**EXERCISE:**
Report each line from the data below that holds the word "monoid".

*** DATA FOR THIS TASK Section Begins ***

definition framed_algebra :: "nat \<Rightarrow> nat \<Rightarrow> ((nat \<Rightarrow> IS) \<Rightarrow> (complex ^ 'n) set)
    \<Rightarrow> (complex ^ 'n \<Rightarrow> complex ^ 'n \<Rightarrow> complex ^ 'n) \<Rightarrow> complex ^ 'n \<Rightarrow> bool" where
  "framed_algebra l r Sg m u \<longleftrightarrow>
     graded l r Sg \<and> cbilinear m \<and> u \<noteq> 0 \<and>
     \<comment> \<open>FA1\<close>
     (\<forall>x\<in>Lam l r. sgrade l r x \<notin> \<int> \<longrightarrow> Sg x = {0}) \<and>
     \<comment> \<open>FA2\<close>
     Sg zeroL = {c *s u | c. True} \<and> (\<forall>a. m u a = a \<and> m a u = a) \<and>
     \<comment> \<open>FA3\<close>
     (\<forall>x1\<in>Lam l r. \<forall>x2\<in>Lam l r. \<forall>a\<in>Sg x1. \<forall>b\<in>Sg x2. \<forall>x\<in>Lam l r.
        x \<notin> fusionL l r x1 x2 \<longrightarrow> comp l r Sg x (m a b) = 0) \<and>
     \<comment> \<open>FA4\<close>
     (\<forall>x0\<in>Lam l r. \<forall>x1\<in>Lam l r. \<forall>x2\<in>Lam l r. \<forall>x3\<in>Lam l r.
      \<forall>a1\<in>Sg x1. \<forall>a2\<in>Sg x2. \<forall>a3\<in>Sg x3. \<forall>x'\<in>AL l r x0 x2 x1 x3.
        comp l r Sg x0 (m a2 (comp l r Sg x' (m a1 a3))) =
        (\<Sum>x\<in>AL l r x0 x1 x2 x3.
           BL l r x x' x0 x1 x2 x3 *s comp l r Sg x0 (m a1 (comp l r Sg x (m a2 a3)))))"

definition framed_ideal :: "nat \<Rightarrow> nat \<Rightarrow> ((nat \<Rightarrow> IS) \<Rightarrow> (complex ^ 'n) set)
    \<Rightarrow> (complex ^ 'n \<Rightarrow> complex ^ 'n \<Rightarrow> complex ^ 'n) \<Rightarrow> (complex ^ 'n) set \<Rightarrow> bool" where
  "framed_ideal l r Sg m M \<longleftrightarrow> csubspace M \<and> (\<forall>v\<in>M. \<forall>x\<in>Lam l r. comp l r Sg x v \<in> M)
     \<and> (\<forall>a. \<forall>v\<in>M. m a v \<in> M)"

definition simple_framed_algebra :: "nat \<Rightarrow> nat \<Rightarrow> ((nat \<Rightarrow> IS) \<Rightarrow> (complex ^ 'n) set)
    \<Rightarrow> (complex ^ 'n \<Rightarrow> complex ^ 'n \<Rightarrow> complex ^ 'n) \<Rightarrow> complex ^ 'n \<Rightarrow> bool" where
  "simple_framed_algebra l r Sg m u \<longleftrightarrow> framed_algebra l r Sg m u \<and>
     (\<forall>M. framed_ideal l r Sg m M \<longrightarrow> M = {0} \<or> M = UNIV)"

section \<open>Z_2^(l+r) as subsets of {..<l+r}; (d,c) coordinates\<close>

definition Z2pow :: "nat \<Rightarrow> nat set monoid" where
  "Z2pow n = \<lparr>carrier = Pow {..<n}, monoid.mult = (\<lambda>A B. (A - B) \<union> (B - A)), one = {}\<rparr>"

text \<open>(d,c) with dc = 0 corresponds to the grading: 1/16 on d, 1/2 on c, 0 elsewhere.\<close>
definition grade_dc :: "nat set \<Rightarrow> nat set \<Rightarrow> nat \<Rightarrow> IS" where
  "grade_dc d c i = (if i \<in> d then I16 else if i \<in> c then Ihalf else I0)"

definition C_S :: "nat \<Rightarrow> nat \<Rightarrow> ((nat \<Rightarrow> IS) \<Rightarrow> (complex ^ 'n) set) \<Rightarrow> nat set set" where
  "C_S l r Sg = {\<alpha>. \<alpha> \<subseteq> {..<l+r} \<and> Sg (grade_dc {} \<alpha>) \<noteq> {0}}"

definition D_S :: "nat \<Rightarrow> nat \<Rightarrow> ((nat \<Rightarrow> IS) \<Rightarrow> (complex ^ 'n) set) \<Rightarrow> nat set set" where
  "D_S l r Sg = {d. d \<subseteq> {..<l+r} \<and>
     (\<exists>c. c \<subseteq> {..<l+r} \<and> d \<inter> c = {} \<and> Sg (grade_dc d c) \<noteq> {0})}"

text \<open>|c| = |c|_l - |c|_r\<close>
definition wt :: "nat \<Rightarrow> nat \<Rightarrow> nat set \<Rightarrow> int" where
  "wt l r c = int (card (c \<inter> {..<l})) - int (card (c \<inter> {l..<l+r}))"

end

theory Submission
  imports Defs
begin

(* Everything rests on one consequence of simplicity: the product of two nonzero homogeneous
  elements is nonzero. For homogeneous a \<noteq> 0, the elements all of whose homogeneous components
  are annihilated by a from the left form an ideal (FA4 lets a pass a homogeneous left factor),
  and this ideal misses the unit, so it is zero. Hence the grades of nonzero pieces are closed
  under fusion, which in (d,c) coordinates says that C_S and D_S are closed under symmetric
  difference. By FA1 a nonzero piece of grade (d,c) has integral weight |d|/16 + |c|/2, which
  gives the divisibility statements. Finally, moving a \<in> S_(0,\<alpha>) past b \<in> S_(d,c) twice by FA4
  multiplies the nonzero product ab by (-1)^|\<alpha> \<inter> d|, so |\<alpha> \<inter> d| is even. *)

lemma UNIV_IS: "(UNIV :: IS set) = {I0, Ihalf, I16}"
  using IS.exhaust by auto

lemma finite_Lam: "finite (Lam l r)"
proof (rule finite_subset)
  show "Lam l r \<subseteq> {x. \<forall>i. (i \<in> {..<l+r} \<longrightarrow> x i \<in> UNIV) \<and> (i \<notin> {..<l+r} \<longrightarrow> x i = I0)}"
    by (auto simp: Lam_def)
  show "finite \<dots>"
    by (rule finite_set_of_finite_funs) (simp_all add: UNIV_IS)
qed

lemma fusion_I0_right [simp]: "fusion h I0 = {h}"
  by (cases h) auto

lemma fusion_commute: "fusion h1 h2 = fusion h2 h1"
  by (cases h1; cases h2) auto

lemma fusionL_commute: "fusionL l r x1 x2 = fusionL l r x2 x1"
  by (simp add: fusionL_def fusion_commute)

lemma AL_zeroL:
  assumes "x2 \<in> Lam l r" "x0 \<in> fusionL l r x1 x2"
  shows "AL l r x0 x1 x2 zeroL = {x2}"
proof -
  have "x = x2" if "x \<in> AL l r x0 x1 x2 zeroL" for x
  proof
    fix i
    show "x i = x2 i"
      using that assms(1) by (cases "i < l + r") (auto simp: AL_def Aone_def Lam_def)
  qed
  then show ?thesis
    using assms by (auto simp: AL_def Aone_def fusionL_def)
qed

lemma Bone_double_braiding:
  assumes "h0 \<in> fusion h1 h2" "h1 \<noteq> I16"
  shows "Bone h1 h2 h0 h2 h1 I0 * Bone h2 h1 h0 h1 h2 I0
    = (if h1 = Ihalf \<and> h2 = I16 then -1 else 1)"
  using assms by (cases h1; cases h2; cases h0) (auto simp: Bone_def)

lemma BL_double_braiding:
  assumes "\<forall>i<l+r. x0 i \<in> fusion (x1 i) (x2 i)" "\<forall>i<l+r. x1 i \<noteq> I16"
  shows "BL l r x1 x2 x0 x2 x1 zeroL * BL l r x2 x1 x0 x1 x2 zeroL
    = (-1) ^ card {i. i < l + r \<and> x1 i = Ihalf \<and> x2 i = I16}"
proof -
  define P where "P i \<longleftrightarrow> x1 i = Ihalf \<and> x2 i = I16" for i
  define s :: "nat \<Rightarrow> complex" where "s i = (if P i then -1 else 1)" for i
  define b where
    "b i = Bone (x1 i) (x2 i) (x0 i) (x2 i) (x1 i) I0 * Bone (x2 i) (x1 i) (x0 i) (x1 i) (x2 i) I0"
    for i
  have coord: "b i = s i" if "i < l + r" for i
    unfolding b_def s_def P_def using assms that by (intro Bone_double_braiding) auto
  have "BL l r x1 x2 x0 x2 x1 zeroL * BL l r x2 x1 x0 x1 x2 zeroL
      = (\<Prod>i<l. b i) * (\<Prod>i\<in>{l..<l+r}. cnj (b i))"
    unfolding BL_def b_def complex_cnj_mult prod.distrib by (simp only: mult_ac)
  also have "\<dots> = (\<Prod>i<l. s i) * (\<Prod>i\<in>{l..<l+r}. s i)"
    using coord by (auto simp: s_def intro!: prod.cong arg_cong2[where f = "(*)"])
  also have "\<dots> = (\<Prod>i<l+r. s i)"
    by (metis atLeast0LessThan le_add1 prod.atLeastLessThan_concat zero_le)
  also have "\<dots> = (-1) ^ card {i. i < l + r \<and> P i}"
    by (simp add: s_def prod.If_cases Int_def)
  finally show ?thesis unfolding P_def .
qed
theorem corollary4:
  fixes V :: "'v set" and f :: "'v set \<Rightarrow> 'v set"
  assumes "finite V" and "V \<noteq> {}" and "network V f"
    and "\<not> has_subnet V f even_self_dual"
    and "\<not> has_subnet V f odd_self_dual"
  shows "\<exists>x. x \<subseteq> V \<and> f x = x \<and> (\<forall>x'. x' \<subseteq> V \<and> f x' = x' \<longrightarrow> x' = x) \<and>
           (\<forall>y. y \<subseteq> V \<longrightarrow> async_path V f y x (hamming x y))"
proof -
  have inj: "inj_on (conjugate (subnet f I z)) (Pow I)" if "I \<subseteq> V" "z \<subseteq> V - I" for I z
    using conjugate_subnet_inj[OF assms(1,4,5) that] .
  have "inj_on (conjugate f) (Pow V)"
    using inj[of V "{}"] inj_on_cong[of "Pow V" "conjugate (subnet f V {})" "conjugate f"]
      conjugate_subnet_whole[OF \<open>network V f\<close>] by simp
  from unique_fixed_point_if_conjugate_inj[OF \<open>finite V\<close> \<open>network V f\<close> this]
  obtain x where x: "x \<subseteq> V \<and> f x = x" and unique: "\<forall>x'. x' \<subseteq> V \<and> f x' = x' \<longrightarrow> x' = x"
    by (rule ex1E)
  have "x \<subseteq> V" "f x = x" using x by simp_all
  have paths: "\<forall>y. y \<subseteq> V \<longrightarrow> async_path V f y x (hamming x y)"
  proof (intro allI impI)
    fix y assume "y \<subseteq> V"
    show "async_path V f y x (hamming x y)"
    proof (rule async_path_geodesic[OF \<open>finite V\<close> \<open>x \<subseteq> V\<close> _ \<open>y \<subseteq> V\<close>])
      show "\<exists>i \<in> xor w x. (i \<in> f w) \<noteq> (i \<in> w)" if "w \<subseteq> V" "w \<noteq> x" for w
        by (rule exists_unstable_component_towards_fixed_point[OF inj \<open>x \<subseteq> V\<close> \<open>f x = x\<close> that])
    qed
  qed
  from x unique paths show ?thesis by blast
qed

end
(* Let $\mathbf{z}\in\mathrm{GF}(2)^{2\times 30}$ be arbitrary and define binary $6\times 30$ matrices $\mathbf{Z_1},\mathbf{Z_2},\mathbf{Z_3}$ by: rows 1–2 of $\mathbf{Z_1}$ equal $\mathbf{z}$; rows 3–4 of $\mathbf{Z_1}$ equal $f(\text{rows }1\text{–}2 \text{ of } \mathbf{Z_1})$; rows 5–6 of $\mathbf{Z_1}$ equal $f(\text{rows }3\text{–}4\text{ of }\mathbf{Z_1})$; $\mathbf{Z_2}=g(\mathbf{Z_1})$; $\mathbf{Z_3}=g(\mathbf{Z_2})$. Let $\mathbf{W_1},\mathbf{W_2},\mathbf{W_3}$ be the $10\times 30$ matrices selecting the coordinates of files $A$, $B$, $C$ respectively (i.e., $\mathbf{W_1}=[I_{10}\ 0\ 0]$, $\mathbf{W_2}=[0\ I_{10}\ 0]$, $\mathbf{W_3}=[0\ 0\ I_{10}]$). For $S,T\subseteq\{1,2,3\}$ let $\mathbf{M}(S,T)$ be the matrix obtained by stacking $\mathbf{W_j}$ for $j\in S$ and $\mathbf{Z_i}$ for $i\in T$. Then for any $S,S',T,T'\subseteq\{1,2,3\}$ with $|S|=|S'|$ and $|T|=|T'|$, we have $\operatorname{rank}\mathbf{M}(S,T)=\operatorname{rank}\mathbf{M}(S',T')$ over $\mathrm{GF}(2)$; equivalently, the joint entropies $H(\{W_j\}_{j\in S},\{Z_i\}_{i\in T})$ and $H(\{W_j\}_{j\in S'},\{Z_i\}_{i\in T'})$ are equal.
   Context: Three files $A=W_1$, $B=W_2$, $C=W_3$ are each split into 10 subfiles $A_1,\dots,A_{10}$, $B_1,\dots,B_{10}$, $C_1,\dots,C_{10}$, all i.i.d. uniform bit strings of equal length; the information vector is $\mathbf{W}=[A_1,\dots,A_{10},B_1,\dots,B_{10},C_1,\dots,C_{10}]$, so coordinates $1$–$10$, $11$–$20$, $21$–$30$ correspond to $A$, $B$, $C$. A binary matrix $\mathbf{G}$ with 30 columns represents the linear code $\mathbf{G}\mathbf{W}^{T}$, and cache $Z_i$ is $\mathbf{Z_i}\mathbf{W}^T$, file $W_j$ is $\mathbf{W_j}\mathbf{W}^T$; the entropy of a collection of such variables equals the rank of the stacked generator matrices times the subfile size. Column operations on matrices with 30 columns (applied to each row): $f$ moves the coefficient of $A_i$ to the position of $B_i$, that of $B_i$ to $C_i$, that of $C_i$ to $A_i$ (for all $i=1,\dots,10$), i.e., it relabels files $A\mapsto B\mapsto C\mapsto A$; $g$ moves, within each file, the coefficient of subfile $i$ to subfile $i+3$ reduced into $\{1,\dots,9\}$ modulo 9 (so $1\mapsto4,\dots,6\mapsto 9, 7\mapsto1, 8\mapsto 2, 9\mapsto 3$) for $1\le i\le 9$, and fixes subfile $10$. For example, $f\circ g$ sends the row representing $A_2\oplus B_3\oplus C_9\oplus C_{10}$ to the row representing $B_5\oplus C_6\oplus A_3\oplus A_{10}$. *)

theory Defs
  imports "HOL-Library.Z2" "Jordan_Normal_Form.DL_Rank"
begin
(* Both SW-PAV and IW-PAV can fail SW-JR when an SW-JR committee exists: there exist approval-based SCV instances admitting a committee that satisfies SW-JR, in which a committee maximizing the SW-PAV score does not satisfy SW-JR, and likewise in which a committee maximizing the IW-PAV score does not satisfy SW-JR.
   Context: An approval-based sub-committee voting (SCV) instance consists of a set of voters $N=\{1,\ldots,n\}$, a finite set of candidates $C$ partitioned into candidate subsets $C_1,\ldots,C_\ell$, positive integer quotas $k_j\le |C_j|$ with $k=\sum_{j=1}^\ell k_j$, and approval ballots $A_i\subseteq C$ for $i\in N$. A committee is a set $W\subseteq C$ with $|W\cap C_j|=k_j$ for every $j$. Let $r(0)=0$ and $r(t)=\sum_{p=1}^t 1/p$ for $t\ge1$. The SW-PAV score of $W$ is $\sum_{i\in N} r(|W\cap A_i|)$; the IW-PAV score is $\sum_{j=1}^\ell\sum_{i\in N} r(|W\cap A_i\cap C_j|)$. $W$ satisfies SW-JR if for every $X\subseteq N$ with $|X|\ge n/k$ and $|\bigcap_{i\in X}A_i|\ge 1$ we have $|W\cap \bigcup_{i\in X}A_i|\ge 1$. *)

theory Defs
  imports Complex_Main
begin

text \<open>An approval-based SCV instance is given by
  n voters (voters are 1..n),
  l candidate subsets Cs 0, ..., Cs (l-1) (a partition of the candidate set C),
  quotas ks 0, ..., ks (l-1), and approval ballots A i for voters i in 1..n.\<close>

definition scv_cands :: "nat \<Rightarrow> (nat \<Rightarrow> nat set) \<Rightarrow> nat set" where
  "scv_cands l Cs = (\<Union>j<l. Cs j)"

definition scv_instance ::
  "nat \<Rightarrow> nat \<Rightarrow> (nat \<Rightarrow> nat set) \<Rightarrow> (nat \<Rightarrow> nat) \<Rightarrow> (nat \<Rightarrow> nat set) \<Rightarrow> bool" where
  "scv_instance n l Cs ks A \<longleftrightarrow>
     n \<ge> 1 \<and> l \<ge> 1 \<and>
     finite (scv_cands l Cs) \<and>
     (\<forall>j<l. Cs j \<noteq> {}) \<and>
     (\<forall>j<l. \<forall>j'<l. j \<noteq> j' \<longrightarrow> Cs j \<inter> Cs j' = {}) \<and>
     (\<forall>j<l. 0 < ks j \<and> ks j \<le> card (Cs j)) \<and>
     (\<forall>i\<in>{1..n}. A i \<subseteq> scv_cands l Cs)"

definition scv_k :: "nat \<Rightarrow> (nat \<Rightarrow> nat) \<Rightarrow> nat" where
  "scv_k l ks = (\<Sum>j<l. ks j)"

definition committee ::
  "nat \<Rightarrow> (nat \<Rightarrow> nat set) \<Rightarrow> (nat \<Rightarrow> nat) \<Rightarrow> nat set \<Rightarrow> bool" where
  "committee l Cs ks W \<longleftrightarrow> W \<subseteq> scv_cands l Cs \<and> (\<forall>j<l. card (W \<inter> Cs j) = ks j)"

definition pav_r :: "nat \<Rightarrow> real" where
  "pav_r t = (\<Sum>p=1..t. 1 / real p)"

definition sw_pav :: "nat \<Rightarrow> (nat \<Rightarrow> nat set) \<Rightarrow> nat set \<Rightarrow> real" where
  "sw_pav n A W = (\<Sum>i\<in>{1..n}. pav_r (card (W \<inter> A i)))"

definition iw_pav ::
  "nat \<Rightarrow> nat \<Rightarrow> (nat \<Rightarrow> nat set) \<Rightarrow> (nat \<Rightarrow> nat set) \<Rightarrow> nat set \<Rightarrow> real" where
  "iw_pav n l Cs A W = (\<Sum>j<l. \<Sum>i\<in>{1..n}. pav_r (card (W \<inter> A i \<inter> Cs j)))"

definition sw_jr ::
  "nat \<Rightarrow> nat \<Rightarrow> (nat \<Rightarrow> nat) \<Rightarrow> (nat \<Rightarrow> nat set) \<Rightarrow> nat set \<Rightarrow> bool" where
  "sw_jr n l ks A W \<longleftrightarrow>
     (\<forall>X \<subseteq> {1..n}. real (card X) \<ge> real n / real (scv_k l ks)
        \<and> card (\<Inter>i\<in>X. A i) \<ge> 1 \<longrightarrow> card (W \<inter> (\<Union>i\<in>X. A i)) \<ge> 1)"

definition sw_pav_max ::
  "nat \<Rightarrow> nat \<Rightarrow> (nat \<Rightarrow> nat set) \<Rightarrow> (nat \<Rightarrow> nat) \<Rightarrow> (nat \<Rightarrow> nat set) \<Rightarrow> nat set \<Rightarrow> bool" where
  "sw_pav_max n l Cs ks A W \<longleftrightarrow> committee l Cs ks W \<and>
     (\<forall>W'. committee l Cs ks W' \<longrightarrow> sw_pav n A W' \<le> sw_pav n A W)"

definition iw_pav_max ::
  "nat \<Rightarrow> nat \<Rightarrow> (nat \<Rightarrow> nat set) \<Rightarrow> (nat \<Rightarrow> nat) \<Rightarrow> (nat \<Rightarrow> nat set) \<Rightarrow> nat set \<Rightarrow> bool" where
  "iw_pav_max n l Cs ks A W \<longleftrightarrow> committee l Cs ks W \<and>
     (\<forall>W'. committee l Cs ks W' \<longrightarrow> iw_pav n l Cs A W' \<le> iw_pav n l Cs A W)"

end

theory Submission
  imports Defs
begin

text \<open>Take four voters, parts \<open>C\<^sub>0 = {0}\<close>, \<open>C\<^sub>1 = {1,2}\<close>, \<open>C\<^sub>2 = {3,4}\<close> with quotas
  1, 1, 2, let voter 1 approve only candidate 2 and voters 2, 3, 4 approve \<open>{0,1}\<close>.
  Since \<open>n = k\<close>, every single voter is a cohesive group, so SW-JR forces candidate 2 into
  the committee. The only two committees are \<open>{0,1,3,4}\<close> and \<open>{0,2,3,4}\<close>; the first gives
  the majority a second approved member and wins under both PAV scores (9/2 against 4 for
  SW-PAV, 6 against 4 for IW-PAV), yet it leaves voter 1 unrepresented.\<close>

lemma sw_jr_iff_meets_ballots:
  assumes "n \<le> scv_k l ks" and "finite W" and "\<forall>i\<in>{1..n}. finite (A i)"
  shows "sw_jr n l ks A W \<longleftrightarrow> (\<forall>i\<in>{1..n}. A i \<noteq> {} \<longrightarrow> W \<inter> A i \<noteq> {})"
proof
  assume jr: "sw_jr n l ks A W"
  show "\<forall>i\<in>{1..n}. A i \<noteq> {} \<longrightarrow> W \<inter> A i \<noteq> {}"
  proof (intro ballI impI)
    fix i assume i: "i \<in> {1..n}" and "A i \<noteq> {}"
    then have "card (\<Inter>j\<in>{i}. A j) \<ge> 1"
      using assms(3) by (simp add: Suc_le_eq card_gt_0_iff)
    moreover have "real (card {i}) \<ge> real n / real (scv_k l ks)"
      using assms(1) by (cases "scv_k l ks = 0") simp_all
    ultimately have "card (W \<inter> (\<Union>j\<in>{i}. A j)) \<ge> 1"
      using jr i unfolding sw_jr_def by blast
    then show "W \<inter> A i \<noteq> {}" by auto
  qed
next
  assume meets: "\<forall>i\<in>{1..n}. A i \<noteq> {} \<longrightarrow> W \<inter> A i \<noteq> {}"
  show "sw_jr n l ks A W"
    unfolding sw_jr_def
  proof (intro allI impI, elim conjE)
    fix X assume X: "X \<subseteq> {1..n}" and common: "card (\<Inter>i\<in>X. A i) \<ge> 1"
    then obtain c where c: "c \<in> (\<Inter>i\<in>X. A i)"
      by (metis card.empty ex_in_conv not_one_le_zero)
    \<comment> \<open>For \<open>X = {}\<close> the intersection is the infinite \<open>UNIV\<close>, whose \<open>card\<close> is 0.\<close>
    from common have "X \<noteq> {}"
      using card.infinite[OF infinite_UNIV_nat] by auto
    then obtain i where "i \<in> X" by blast
    with X c meets have "W \<inter> (\<Union>i\<in>X. A i) \<noteq> {}" by blast
    with assms(2) show "card (W \<inter> (\<Union>i\<in>X. A i)) \<ge> 1"
      by (simp add: Suc_le_eq card_gt_0_iff)
  qed
qed

lemma pav_r_0 [simp]: "pav_r 0 = 0"
  by (simp add: pav_r_def)

lemma pav_r_Suc [simp]: "pav_r (Suc t) = pav_r t + 1 / Suc t"
  by (simp add: pav_r_def)

lemma card_Int_doubleton_eq_1:
  assumes "a \<noteq> b"
  shows "card (W \<inter> {a, b}) = 1 \<longleftrightarrow> (a \<in> W) \<noteq> (b \<in> W)"
  using assms by (cases "a \<in> W"; cases "b \<in> W") (auto simp: Int_insert_right)

lemma card_Int_doubleton_eq_2:
  assumes "a \<noteq> b"
  shows "card (W \<inter> {a, b}) = 2 \<longleftrightarrow> a \<in> W \<and> b \<in> W"
  using assms by (cases "a \<in> W"; cases "b \<in> W") (auto simp: Int_insert_right)

lemma lessThan_3_nat: "{..<3::nat} = {0, 1, 2}"
  by auto

lemma all_less_3_nat: "(\<forall>j<3::nat. P j) \<longleftrightarrow> P 0 \<and> P 1 \<and> P 2"
  by (simp add: numeral_3_eq_3 numeral_2_eq_2 All_less_Suc conj_commute conj_left_commute)

lemma atLeastAtMost_1_4_nat: "{1..4::nat} = {1, 2, 3, 4}"
  by auto

definition cex_parts :: "nat \<Rightarrow> nat set" where
  "cex_parts j = (if j = 0 then {0} else if j = 1 then {1, 2} else {3, 4})"

definition cex_quotas :: "nat \<Rightarrow> nat" where
  "cex_quotas j = (if j = 2 then 2 else 1)"

definition cex_ballots :: "nat \<Rightarrow> nat set" where
  "cex_ballots i = (if i = 1 then {2} else {0, 1})"

lemma cex_cands: "scv_cands 3 cex_parts = {0, 1, 2, 3, 4}"
  by (auto simp: scv_cands_def lessThan_3_nat cex_parts_def)

lemma cex_k: "scv_k 3 cex_quotas = 4"
  by (simp add: scv_k_def lessThan_3_nat cex_quotas_def)

lemma cex_instance: "scv_instance 4 3 cex_parts cex_quotas cex_ballots"
  unfolding scv_instance_def cex_cands
  by (auto simp: all_less_3_nat cex_parts_def cex_quotas_def cex_ballots_def)

lemma cex_committee_iff:
  "committee 3 cex_parts cex_quotas W \<longleftrightarrow> W = {0, 1, 3, 4} \<or> W = {0, 2, 3, 4}"
proof -
  have "committee 3 cex_parts cex_quotas W \<longleftrightarrow>
      W \<subseteq> {0, 1, 2, 3, 4} \<and> 0 \<in> W \<and> (1 \<in> W) \<noteq> (2 \<in> W) \<and> 3 \<in> W \<and> 4 \<in> W"
    by (simp add: committee_def cex_cands all_less_3_nat cex_parts_def cex_quotas_def
        card_Int_doubleton_eq_1 card_Int_doubleton_eq_2 Int_insert_right)
  also have "\<dots> \<longleftrightarrow> W = {0, 1, 3, 4} \<or> W = {0, 2, 3, 4}"
  proof
    assume h: "W \<subseteq> {0, 1, 2, 3, 4} \<and> 0 \<in> W \<and> (1 \<in> W) \<noteq> (2 \<in> W) \<and> 3 \<in> W \<and> 4 \<in> W"
    show "W = {0, 1, 3, 4} \<or> W = {0, 2, 3, 4}"
    proof (cases "1 \<in> W")
      case True
      with h have "W = {0, 1, 3, 4}" by auto
      then show ?thesis ..
    next
      case False
      with h have "W = {0, 2, 3, 4}" by auto
      then show ?thesis ..
    qed
  qed auto
  finally show ?thesis .
qed

lemma cex_sw_jr_iff:
  "committee 3 cex_parts cex_quotas W \<Longrightarrow> sw_jr 4 3 cex_quotas cex_ballots W \<longleftrightarrow> 2 \<in> W"
  by (subst sw_jr_iff_meets_ballots)
    (auto simp: cex_k cex_committee_iff cex_ballots_def)

lemma cex_sw_pav:
  "sw_pav 4 cex_ballots {0, 1, 3, 4} = 9 / 2" "sw_pav 4 cex_ballots {0, 2, 3, 4} = 4"
  unfolding sw_pav_def atLeastAtMost_1_4_nat by (simp_all add: cex_ballots_def)

lemma cex_iw_pav:
  "iw_pav 4 3 cex_parts cex_ballots {0, 1, 3, 4} = 6"
  "iw_pav 4 3 cex_parts cex_ballots {0, 2, 3, 4} = 4"
  unfolding iw_pav_def atLeastAtMost_1_4_nat lessThan_3_nat
  by (simp_all add: cex_parts_def cex_ballots_def)

theorem mainTheorem11:
  shows "(\<exists>n l Cs ks A. scv_instance n l Cs ks A
            \<and> (\<exists>W. committee l Cs ks W \<and> sw_jr n l ks A W)
            \<and> (\<forall>W. sw_pav_max n l Cs ks A W \<longrightarrow> \<not> sw_jr n l ks A W))
       \<and> (\<exists>n l Cs ks A. scv_instance n l Cs ks A
            \<and> (\<exists>W. committee l Cs ks W \<and> sw_jr n l ks A W)
            \<and> (\<forall>W. iw_pav_max n l Cs ks A W \<longrightarrow> \<not> sw_jr n l ks A W))"
proof -
  let ?bad = "{0, 1, 3, 4} :: nat set" and ?good = "{0, 2, 3, 4} :: nat set"
  have good: "committee 3 cex_parts cex_quotas ?good \<and> sw_jr 4 3 cex_quotas cex_ballots ?good"
    by (simp add: cex_committee_iff cex_sw_jr_iff)
  have bad: "\<not> sw_jr 4 3 cex_quotas cex_ballots ?bad"
    by (simp add: cex_committee_iff cex_sw_jr_iff)
  have "W = ?bad" if "sw_pav_max 4 3 cex_parts cex_quotas cex_ballots W" for W
    using that cex_sw_pav unfolding sw_pav_max_def cex_committee_iff by force
  moreover have "W = ?bad" if "iw_pav_max 4 3 cex_parts cex_quotas cex_ballots W" for W
    using that cex_iw_pav unfolding iw_pav_max_def cex_committee_iff by force
  ultimately show ?thesis
    using cex_instance good bad by blast
qed

end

*** DATA FOR THIS TASK Section Ends ***

**EXERCISE RESPONSE:**
definition Z2pow :: "nat \<Rightarrow> nat set monoid" where
  "Z2pow n = \<lparr>carrier = Pow {..<n}, monoid.mult = (\<lambda>A B. (A - B) \<union> (B - A)), one = {}\<rparr>"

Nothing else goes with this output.